ACTIVITY: Range to output from the entries below: the line containing "u x) \<longrightarrow>" through the line containing "letting \<open>\<epsilon> \<rightarrow>". Set it down exactly, ends included, nothing else.
[[ SOURCE RECORDS, beginning ]]
(* Assume (A1)–(A2), let $r>0$, $\vec\xi\in\mathbb{R}^n$, $\beta:\mathrm{T}_r\to\mathbb{R}^n$ and $g:\mathrm{T}_r\to\mathbb{R}$ continuous, and let $u$ be a viscosity solution of $$\begin{cases}\mathcal{H}(x,Du-\vec\xi)F(D^2u)=0&\text{in }\mathrm{B}_r^+,\\ \beta\cdot Du=g(x)&\text{on }\mathrm{T}_r.\end{cases}$$ Then $u$ is also a viscosity solution of $$\begin{cases}F(D^2u)=0&\text{in }\mathrm{B}_r^+,\\ \beta\cdot Du=g(x)&\text{on }\mathrm{T}_r.\end{cases}$$
   Context: $\mathrm{B}_r^+=\mathrm{B}_r\cap\{x_n>0\}$, $\mathrm{T}_r=\{(x',0):|x'|<r\}$. $\mathcal{H}(x,\vec\zeta)=|\vec\zeta|^p+\mathfrak{a}(x)|\vec\zeta|^q$. (A1) $F:\mathrm{Sym}(n)\to\mathbb{R}$ satisfies $\mathcal{P}^-_{\lambda,\Lambda}(M-N)\le F(M)-F(N)\le\mathcal{P}^+_{\lambda,\Lambda}(M-N)$, $0<\lambda\le\Lambda$, $F(0)=0$, where for $M$ with eigenvalues $e_i$, $\mathcal{P}^+_{\lambda,\Lambda}(M)=\Lambda\sum_{e_i>0}e_i+\lambda\sum_{e_i<0}e_i$, $\mathcal{P}^-_{\lambda,\Lambda}(M)=\lambda\sum_{e_i>0}e_i+\Lambda\sum_{e_i<0}e_i$. (A2) $0<p\le q$, $\mathfrak{a}$ continuous and $\ge0$. Viscosity solutions: for $\varphi\in C^2$ touching $u$ from above (below) at $x_0$, the interior inequality $\ge(\le)$ for the equation holds if $x_0\in\mathrm{B}_r^+$, and $\beta(x_0)\cdot D\varphi(x_0)\ge(\le)g(x_0)$ if $x_0\in\mathrm{T}_r$. *)

theory Defs
  imports "HOL-Analysis.Analysis"
begin

definition sym_matrix :: "real^'n^'n \<Rightarrow> bool" where
  "sym_matrix M \<longleftrightarrow> transpose M = M"

definition diag_mat :: "real^'n \<Rightarrow> real^'n^'n" where
  "diag_mat e = (\<chi> i j. if i = j then e $ i else 0)"

text \<open>The eigenvalues (with multiplicity) of a symmetric M are the diagonal
  entries e of any spectral decomposition M = Q diag(e) Q^T, Q orthogonal.\<close>
definition pucci_plus :: "real \<Rightarrow> real \<Rightarrow> real^'n^'n \<Rightarrow> real" where
  "pucci_plus lam Lam M = (SOME s. \<exists>Q e. orthogonal_matrix Q \<and>
      M = Q ** diag_mat e ** transpose Q \<and>
      s = Lam * (\<Sum>i\<in>{i. e $ i > 0}. e $ i) + lam * (\<Sum>i\<in>{i. e $ i < 0}. e $ i))"

definition pucci_minus :: "real \<Rightarrow> real \<Rightarrow> real^'n^'n \<Rightarrow> real" where
  "pucci_minus lam Lam M = (SOME s. \<exists>Q e. orthogonal_matrix Q \<and>
      M = Q ** diag_mat e ** transpose Q \<and>
      s = lam * (\<Sum>i\<in>{i. e $ i > 0}. e $ i) + Lam * (\<Sum>i\<in>{i. e $ i < 0}. e $ i))"

definition A1 :: "real \<Rightarrow> real \<Rightarrow> (real^'n^'n \<Rightarrow> real) \<Rightarrow> bool" where
  "A1 lam Lam F \<longleftrightarrow> 0 < lam \<and> lam \<le> Lam \<and> F 0 = 0 \<and>
     (\<forall>M N. sym_matrix M \<longrightarrow> sym_matrix N \<longrightarrow>
        pucci_minus lam Lam (M - N) \<le> F M - F N \<and> F M - F N \<le> pucci_plus lam Lam (M - N))"

text \<open>The upper half ball and its flat boundary portion; the distinguished
  (``last'') coordinate is the index k.\<close>
definition half_ball :: "'n \<Rightarrow> real \<Rightarrow> (real^'n) set" where
  "half_ball k r = {x. norm x < r \<and> x $ k > 0}"

definition flat_part :: "'n \<Rightarrow> real \<Rightarrow> (real^'n) set" where
  "flat_part k r = {x. norm x < r \<and> x $ k = 0}"

definition Hfun :: "real \<Rightarrow> real \<Rightarrow> (real^'n \<Rightarrow> real) \<Rightarrow> real^'n \<Rightarrow> real^'n \<Rightarrow> real" where
  "Hfun p q a x z = norm z powr p + a x * norm z powr q"

definition C2_on_with :: "(real^'n \<Rightarrow> real) \<Rightarrow> (real^'n \<Rightarrow> real^'n) \<Rightarrow> (real^'n \<Rightarrow> real^'n^'n)
    \<Rightarrow> (real^'n) set \<Rightarrow> bool" where
  "C2_on_with phi Dphi D2phi S \<longleftrightarrow> open S \<and>
     (\<forall>x\<in>S. (phi has_derivative (\<lambda>h. Dphi x \<bullet> h)) (at x)) \<and>
     (\<forall>x\<in>S. (Dphi has_derivative (\<lambda>h. D2phi x *v h)) (at x)) \<and>
     continuous_on S D2phi"

definition visc_sub :: "'n \<Rightarrow> real \<Rightarrow> (real^'n \<Rightarrow> real^'n \<Rightarrow> real^'n^'n \<Rightarrow> real)
    \<Rightarrow> (real^'n \<Rightarrow> real^'n) \<Rightarrow> (real^'n \<Rightarrow> real) \<Rightarrow> (real^'n \<Rightarrow> real) \<Rightarrow> bool" where
  "visc_sub k r G beta g u \<longleftrightarrow>
     (\<forall>phi Dphi D2phi S x0. C2_on_with phi Dphi D2phi S \<and> x0 \<in> S \<and>
        x0 \<in> half_ball k r \<union> flat_part k r \<and> u x0 = phi x0 \<and>
        (\<forall>x \<in> S \<inter> (half_ball k r \<union> flat_part k r). u x \<le> phi x) \<longrightarrow>
        (x0 \<in> half_ball k r \<longrightarrow> G x0 (Dphi x0) (D2phi x0) \<ge> 0) \<and>
        (x0 \<in> flat_part k r \<longrightarrow> beta x0 \<bullet> Dphi x0 \<ge> g x0))"

definition visc_super :: "'n \<Rightarrow> real \<Rightarrow> (real^'n \<Rightarrow> real^'n \<Rightarrow> real^'n^'n \<Rightarrow> real)
    \<Rightarrow> (real^'n \<Rightarrow> real^'n) \<Rightarrow> (real^'n \<Rightarrow> real) \<Rightarrow> (real^'n \<Rightarrow> real) \<Rightarrow> bool" where
  "visc_super k r G beta g u \<longleftrightarrow>
     (\<forall>phi Dphi D2phi S x0. C2_on_with phi Dphi D2phi S \<and> x0 \<in> S \<and>
        x0 \<in> half_ball k r \<union> flat_part k r \<and> u x0 = phi x0 \<and>
        (\<forall>x \<in> S \<inter> (half_ball k r \<union> flat_part k r). phi x \<le> u x) \<longrightarrow>
        (x0 \<in> half_ball k r \<longrightarrow> G x0 (Dphi x0) (D2phi x0) \<le> 0) \<and>
        (x0 \<in> flat_part k r \<longrightarrow> beta x0 \<bullet> Dphi x0 \<le> g x0))"

definition visc_sol :: "'n \<Rightarrow> real \<Rightarrow> (real^'n \<Rightarrow> real^'n \<Rightarrow> real^'n^'n \<Rightarrow> real)
    \<Rightarrow> (real^'n \<Rightarrow> real^'n) \<Rightarrow> (real^'n \<Rightarrow> real) \<Rightarrow> (real^'n \<Rightarrow> real) \<Rightarrow> bool" where
  "visc_sol k r G beta g u \<longleftrightarrow>
     continuous_on (half_ball k r \<union> flat_part k r) u \<and>
     visc_sub k r G beta g u \<and> visc_super k r G beta g u"

end

theory Submission
  imports Defs
begin

text \<open>The boundary condition is untouched, and at an interior contact point where the gradient
  of the test function differs from \<open>\<xi>\<close> the factor \<open>H\<close> is positive and cancels.  When the
  gradient equals \<open>\<xi>\<close> and the test function has Hessian \<open>M\<close>, a second-order expansion puts
  \<open>u\<close> strictly below a quadratic with Hessian \<open>M + \<epsilon>I\<close>.  If that matrix is positive
  semidefinite, ellipticity gives \<open>F(M + \<epsilon>I) \<ge> 0\<close>; otherwise tilting the quadratic along a
  direction of negative curvature moves the contact point to one where the gradient is not
  \<open>\<xi>\<close>, and the equation gives the same inequality.  As \<open>F(M + cI) \<le> F(M) + n\<Lambda>c\<close>,
  letting \<open>\<epsilon> \<rightarrow> 0\<close> yields \<open>F(M) \<ge> 0\<close>.  Supersolutions are handled by passing to \<open>-u\<close> and
  the operator \<open>-F(-X)\<close>, which again satisfies (A1).\<close>

section \<open>Positive semidefinite matrices\<close>

definition psd_matrix :: "real^'n^'n \<Rightarrow> bool" where
  "psd_matrix D \<longleftrightarrow> (\<forall>x. 0 \<le> x \<bullet> (D *v x))"

definition outer_product :: "real^'n \<Rightarrow> real^'n^'n" where
  "outer_product v = (\<chi> i j. v$i * v$j)"

lemma sym_matrix_entry: "sym_matrix M \<Longrightarrow> M$i$j = M$j$i"
  unfolding sym_matrix_def by (metis transpose_def vec_lambda_beta)

lemma sym_matrix_0: "sym_matrix (0 :: real^'n^'n)"
  and sym_matrix_mat: "sym_matrix (mat c :: real^'n^'n)"
  and sym_matrix_add: "sym_matrix A \<Longrightarrow> sym_matrix B \<Longrightarrow> sym_matrix (A + B)"
  and sym_matrix_diff: "sym_matrix A \<Longrightarrow> sym_matrix B \<Longrightarrow> sym_matrix (A - B)"
  and sym_matrix_uminus: "sym_matrix A \<Longrightarrow> sym_matrix (- A)"
  and sym_matrix_outer_product: "sym_matrix (outer_product v)"
  by (auto simp: sym_matrix_def transpose_def outer_product_def mat_def vec_eq_iff mult.commute)

lemma sym_matrix_inner: "sym_matrix A \<Longrightarrow> (A *v x) \<bullet> y = x \<bullet> (A *v (y::real^'n))"
  unfolding sym_matrix_def by (metis dot_lmul_matrix vector_transpose_matrix)

lemma matrix_vector_mult_mat: "mat c *v x = c *\<^sub>R (x::real^'n)"
  by (simp add: mat_def matrix_vector_mult_def vec_eq_iff if_distrib [of "\<lambda>x. x * y" for y] cong: if_cong)

lemma matrix_vector_mult_uminus: "(- A) *v v = - (A *v (v::real^'n))"
  by (simp add: matrix_vector_mult_def vec_eq_iff sum_negf)

lemma inner_axis_matrix_axis: "axis i 1 \<bullet> (D *v axis j 1) = (D::real^'n^'n)$i$j"
  by (simp add: matrix_vector_mult_basis column_def inner_axis')

lemma outer_product_mult: "outer_product v *v x = (v \<bullet> x) *\<^sub>R (v::real^'n)"
  by (simp add: outer_product_def matrix_vector_mult_def inner_vec_def vec_eq_iff sum_distrib_left mult_ac)

lemma psd_matrix_outer_product: "psd_matrix (outer_product v)"
  by (simp add: psd_matrix_def outer_product_mult inner_commute)

lemma psd_matrix_diag_zero:
  fixes D :: "real^'n^'n"
  assumes psd: "psd_matrix D" and sym: "sym_matrix D" and zero: "D$j$j = 0"
  shows "D$i$j = 0"
proof (rule ccontr)
  assume nz: "D$i$j \<noteq> 0"
  define t where "t = - (\<bar>D$i$i\<bar> + 1) / (2 * D$i$j)"
  let ?x = "axis i 1 + t *\<^sub>R axis j 1"
  have "?x \<bullet> (D *v ?x) = D$i$i + t * D$i$j + t * D$j$i + t * t * D$j$j"
    by (simp add: inner_axis_matrix_axis algebra_simps)
  also have "\<dots> = D$i$i - (\<bar>D$i$i\<bar> + 1)"
    using zero nz sym_matrix_entry[OF sym, of j i] by (simp add: t_def)
  also have "\<dots> < 0" by simp
  finally show False using psd unfolding psd_matrix_def by (meson not_le)
qed

text \<open>One Cholesky step: the Schur complement of a positive pivot is positive semidefinite.\<close>
lemma psd_matrix_split_outer_product:
  fixes D :: "real^'n^'n"
  assumes psd: "psd_matrix D" and sym: "sym_matrix D" and pos: "D$j$j > 0"
  defines "v \<equiv> (1 / sqrt (D$j$j)) *\<^sub>R (\<chi> i. D$i$j)"
  shows "psd_matrix (D - outer_product v)"
    and "\<And>i l. outer_product v $ i $ l = D$i$j * D$l$j / D$j$j"
proof -
  define \<alpha> where "\<alpha> = D$j$j"
  define c where "c = (\<chi> i. D$i$j)"
  show "\<And>i l. outer_product v $ i $ l = D$i$j * D$l$j / D$j$j"
    using pos by (simp add: outer_product_def v_def real_sqrt_mult[symmetric])
  show "psd_matrix (D - outer_product v)"
    unfolding psd_matrix_def
  proof
    fix x :: "real^'n"
    define s where "s = (c \<bullet> x) / \<alpha>"
    have col: "x \<bullet> (D *v axis j 1) = c \<bullet> x"
      by (simp add: matrix_vector_mult_basis column_def c_def inner_commute)
    have row: "axis j 1 \<bullet> (D *v x) = c \<bullet> x"
      using col sym_matrix_inner[OF sym, of "axis j 1" x] by (simp add: inner_commute)
    let ?y = "x - s *\<^sub>R axis j 1"
    have "0 \<le> ?y \<bullet> (D *v ?y)" using psd unfolding psd_matrix_def by blast
    also have "?y \<bullet> (D *v ?y) = x \<bullet> (D *v x) - s * (x \<bullet> (D *v axis j 1))
        - s * (axis j 1 \<bullet> (D *v x)) + s * s * \<alpha>"
      by (simp add: inner_axis_matrix_axis \<alpha>_def algebra_simps)
    also have "\<dots> = x \<bullet> (D *v x) - (c \<bullet> x)^2 / \<alpha>"
      using pos by (simp add: row col s_def \<alpha>_def field_simps power2_eq_square)
    also have "\<dots> = x \<bullet> ((D - outer_product v) *v x)"
      using pos by (simp add: matrix_vector_mult_diff_rdistrib outer_product_mult inner_diff
          v_def c_def[symmetric] \<alpha>_def power2_eq_square real_sqrt_mult[symmetric] field_simps
          inner_commute[of x c])
    finally show "0 \<le> x \<bullet> ((D - outer_product v) *v x)" .
  qed
qed

text \<open>The Pucci operators are defined through a spectral decomposition chosen by \<open>SOME\<close>, which
  can be exhibited explicitly for rank-one matrices; this decomposition reduces the monotonicity
  of \<open>F\<close> to rank-one increments.\<close>
lemma psd_matrix_sum_outer_products:
  fixes D :: "real^'n^'n"
  assumes "psd_matrix D" and "sym_matrix D"
  shows "\<exists>vs. D = sum_list (map outer_product vs)"
proof -
  have "finite J \<Longrightarrow> psd_matrix D \<Longrightarrow> sym_matrix D \<Longrightarrow> (\<forall>i l. D$i$l \<noteq> 0 \<longrightarrow> i \<in> J \<and> l \<in> J)
      \<Longrightarrow> \<exists>vs. D = sum_list (map outer_product vs)" for J and D :: "real^'n^'n"
  proof (induction J arbitrary: D rule: finite_induct)
    case empty
    then have "D = 0" by (simp add: vec_eq_iff)
    then show ?case by (intro exI[of _ "[]"]) simp
  next
    case (insert j J)
    have "0 \<le> axis j 1 \<bullet> (D *v axis j 1)"
      using insert.prems(1) unfolding psd_matrix_def by blast
    then have "D$j$j \<ge> 0" by (simp add: inner_axis_matrix_axis)
    then consider "D$j$j = 0" | "D$j$j > 0" by linarith
    then show ?case
    proof cases
      case 1
      have "D$i$j = 0" "D$j$i = 0" for i
        using psd_matrix_diag_zero[OF insert.prems(1,2) 1, of i] sym_matrix_entry[OF insert.prems(2), of j i]
        by simp_all
      then have "\<forall>i l. D$i$l \<noteq> 0 \<longrightarrow> i \<in> J \<and> l \<in> J"
        using insert.prems(3) by blast
      then show ?thesis using insert.IH insert.prems(1,2) by blast
    next
      case 2
      define v where "v = (1 / sqrt (D$j$j)) *\<^sub>R (\<chi> i. D$i$j)"
      note split = psd_matrix_split_outer_product[OF insert.prems(1,2) 2, folded v_def]
      have "(D - outer_product v)$i$l = 0" if "i \<notin> J \<or> l \<notin> J" for i l
      proof (cases "i = j \<or> l = j")
        case True
        have "D$j$j * D$l$j / D$j$j = D$j$l" "D$i$j * D$j$j / D$j$j = D$i$j"
          using 2 sym_matrix_entry[OF insert.prems(2), of j l] by simp_all
        with True show ?thesis by (auto simp: split(2))
      next
        case False
        then have "D$i$l = 0" "D$i$j = 0 \<or> D$l$j = 0"
          using that insert.prems(3) by blast+
        then show ?thesis by (auto simp: split(2))
      qed
      then have "\<forall>i l. (D - outer_product v)$i$l \<noteq> 0 \<longrightarrow> i \<in> J \<and> l \<in> J"
        by blast
      then obtain vs where "D - outer_product v = sum_list (map outer_product vs)"
        using insert.IH split(1) sym_matrix_diff[OF insert.prems(2) sym_matrix_outer_product]
        by blast
      then have "D = sum_list (map outer_product (v # vs))" by (simp add: diff_eq_eq add.commute)
      then show ?thesis ..
    qed
  qed
  from this[OF finite[of UNIV] assms] show ?thesis by simp
qed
[[ SOURCE RECORDS, end ]]
EXERCISE OUTPUT:
        (\<forall>x \<in> S \<inter> (half_ball k r \<union> flat_part k r). phi x \<le> u x) \<longrightarrow>
        (x0 \<in> half_ball k r \<longrightarrow> G x0 (Dphi x0) (D2phi x0) \<le> 0) \<and>
        (x0 \<in> flat_part k r \<longrightarrow> beta x0 \<bullet> Dphi x0 \<le> g x0))"

definition visc_sol :: "'n \<Rightarrow> real \<Rightarrow> (real^'n \<Rightarrow> real^'n \<Rightarrow> real^'n^'n \<Rightarrow> real)
    \<Rightarrow> (real^'n \<Rightarrow> real^'n) \<Rightarrow> (real^'n \<Rightarrow> real) \<Rightarrow> (real^'n \<Rightarrow> real) \<Rightarrow> bool" where
  "visc_sol k r G beta g u \<longleftrightarrow>
     continuous_on (half_ball k r \<union> flat_part k r) u \<and>
     visc_sub k r G beta g u \<and> visc_super k r G beta g u"

end

theory Submission
  imports Defs
begin

text \<open>The boundary condition is untouched, and at an interior contact point where the gradient
  of the test function differs from \<open>\<xi>\<close> the factor \<open>H\<close> is positive and cancels.  When the
  gradient equals \<open>\<xi>\<close> and the test function has Hessian \<open>M\<close>, a second-order expansion puts
  \<open>u\<close> strictly below a quadratic with Hessian \<open>M + \<epsilon>I\<close>.  If that matrix is positive
  semidefinite, ellipticity gives \<open>F(M + \<epsilon>I) \<ge> 0\<close>; otherwise tilting the quadratic along a
  direction of negative curvature moves the contact point to one where the gradient is not
  \<open>\<xi>\<close>, and the equation gives the same inequality.  As \<open>F(M + cI) \<le> F(M) + n\<Lambda>c\<close>,
  letting \<open>\<epsilon> \<rightarrow> 0\<close> yields \<open>F(M) \<ge> 0\<close>.  Supersolutions are handled by passing to \<open>-u\<close> and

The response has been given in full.